Pagi itu, Dian merasa lebih gelisah dari biasanya. Pikirannya terus melayang pada percakapan dengan Bima di kereta kemarin. Saat berjalan menuju stasiun, dia berusaha untuk tetap fokus pada rutinitasnya, tapi hatinya terasa berat.
Sesampainya di stasiun, Dian melihat Bima sedang menunggu kereta. Mereka saling menyapa dengan senyum yang lebih tipis dari biasanya. Dian bisa merasakan ketegangan di udara.
“Selamat pagi, Dian,” sapa Bima dengan nada datar.
“Selamat pagi, Bima. Bagaimana hasil pembicaraanmu dengan Rani?” tanya Dian dengan hati-hati.
Bima menghela napas panjang sebelum menjawab. “Kami berbicara panjang lebar. Rani sangat sedih, tapi dia mengerti. Kami memutuskan untuk mengakhiri pertunangan kami. Rasanya seperti ada beban yang lepas dari dadaku, tapi juga menyisakan rasa bersalah.”
Dian merasakan campuran emosi mendengar cerita Bima. Dia lega bahwa Bima akhirnya mengambil keputusan yang tepat untuk dirinya, tapi juga sedih melihat kesedihan di mata Bima.
“Aku mengerti, Bima. Ini pasti keputusan yang sangat sulit, tapi kamu sudah melakukan hal yang benar dengan jujur pada dirimu sendiri dan Rani,” kata Dian dengan lembut.

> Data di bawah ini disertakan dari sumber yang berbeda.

(* Let $A \in \mathbb{R}^{m \times n_A}$ and $B \in \mathbb{R}^{m \times n_B}$, where the columns of $B$ are nonzero. Let $k \le n_B$ and let $OPT_k$ be a set of $k$ columns of $B$ maximizing $f_A(S)$ over all sets $S$ of $k$ columns of $B$, and assume $\sigma_{\min}(OPT_k) > 0$. Let $\varepsilon > 0$, and let $T_r$ be the set of columns output by $\textsc{Greedy}(A, B, r)$ for $r = \left\lceil \frac{16k}{\varepsilon\, \sigma_{\min}(OPT_k)} \right\rceil$. Then $$f_A(T_r) \ge (1-\varepsilon)\, f_A(OPT_k).$$
   Context: For a finite set $V$ of vectors in $\mathbb{R}^m$, $\Pi_V$ denotes the orthogonal projector onto $\mathrm{span}(V)$. For a matrix $M$ with $m$ rows, $f_M(V) = \|\Pi_V M\|_F^2$ (the squared Frobenius norm of the projection of $M$ onto $\mathrm{span}(V)$). For a finite set $V$ of nonzero vectors, $\sigma_{\min}(V)$ is the smallest squared singular value of the matrix whose columns are the vectors of $V$ rescaled to unit length, i.e. $\inf_{\|x\|_2=1}\|Mx\|_2^2$ for that matrix $M$. The algorithm $\textsc{Greedy}(A, B, r)$: start with $S = \emptyset$; for $i = 1, \dots, r$, pick a column $B_j$ of $B$ maximizing $f_A(S \cup \{B_j\})$ and set $S \leftarrow S \cup \{B_j\}$; return $S$. *)

theory Defs
  imports "HOL-Analysis.Analysis"
begin

definition proj_span :: "('a::euclidean_space) set \<Rightarrow> 'a \<Rightarrow> 'a" where
  "proj_span V x = (THE y. y \<in> span V \<and> (\<forall>w\<in>span V. (x - y) \<bullet> w = 0))"

definition fM :: "real^'n^'m \<Rightarrow> (real^'m) set \<Rightarrow> real" where
  "fM M V = (\<Sum>j\<in>UNIV. (norm (proj_span V (column j M)))\<^sup>2)"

Perjalanan mereka ke Jakarta dipenuhi dengan keheningan. Tidak ada percakapan ringan seperti biasanya. Dian merasakan ketegangan dan kelegaan yang bercampur menjadi satu. Dia tahu ini adalah momen penting bagi Bima, dan mungkin juga untuk dirinya sendiri.
Sesampainya di kantor, Dian mencoba fokus pada pekerjaannya. Namun, pikirannya terus melayang kembali ke Bima. Di tengah kesibukan, pesan dari Bima masuk ke ponselnya.
“Hai, Dian. Terima kasih sudah mendengarkan dan mendukungku. Aku tidak tahu apa yang akan terjadi selanjutnya, tapi aku merasa lebih tenang sekarang.”
Dian tersenyum dan membalas pesan itu. “Aku selalu ada untukmu, Bima. Semoga semuanya berjalan lancar.”
Hari itu terasa berjalan lebih lambat dari biasanya. Dian tenggelam dalam rutinitas kantor, tapi hatinya terus berdebar memikirkan Bima. Ketika jam kerja berakhir, Dian merasa lega bisa pulang dan merenung tentang segala yang terjadi.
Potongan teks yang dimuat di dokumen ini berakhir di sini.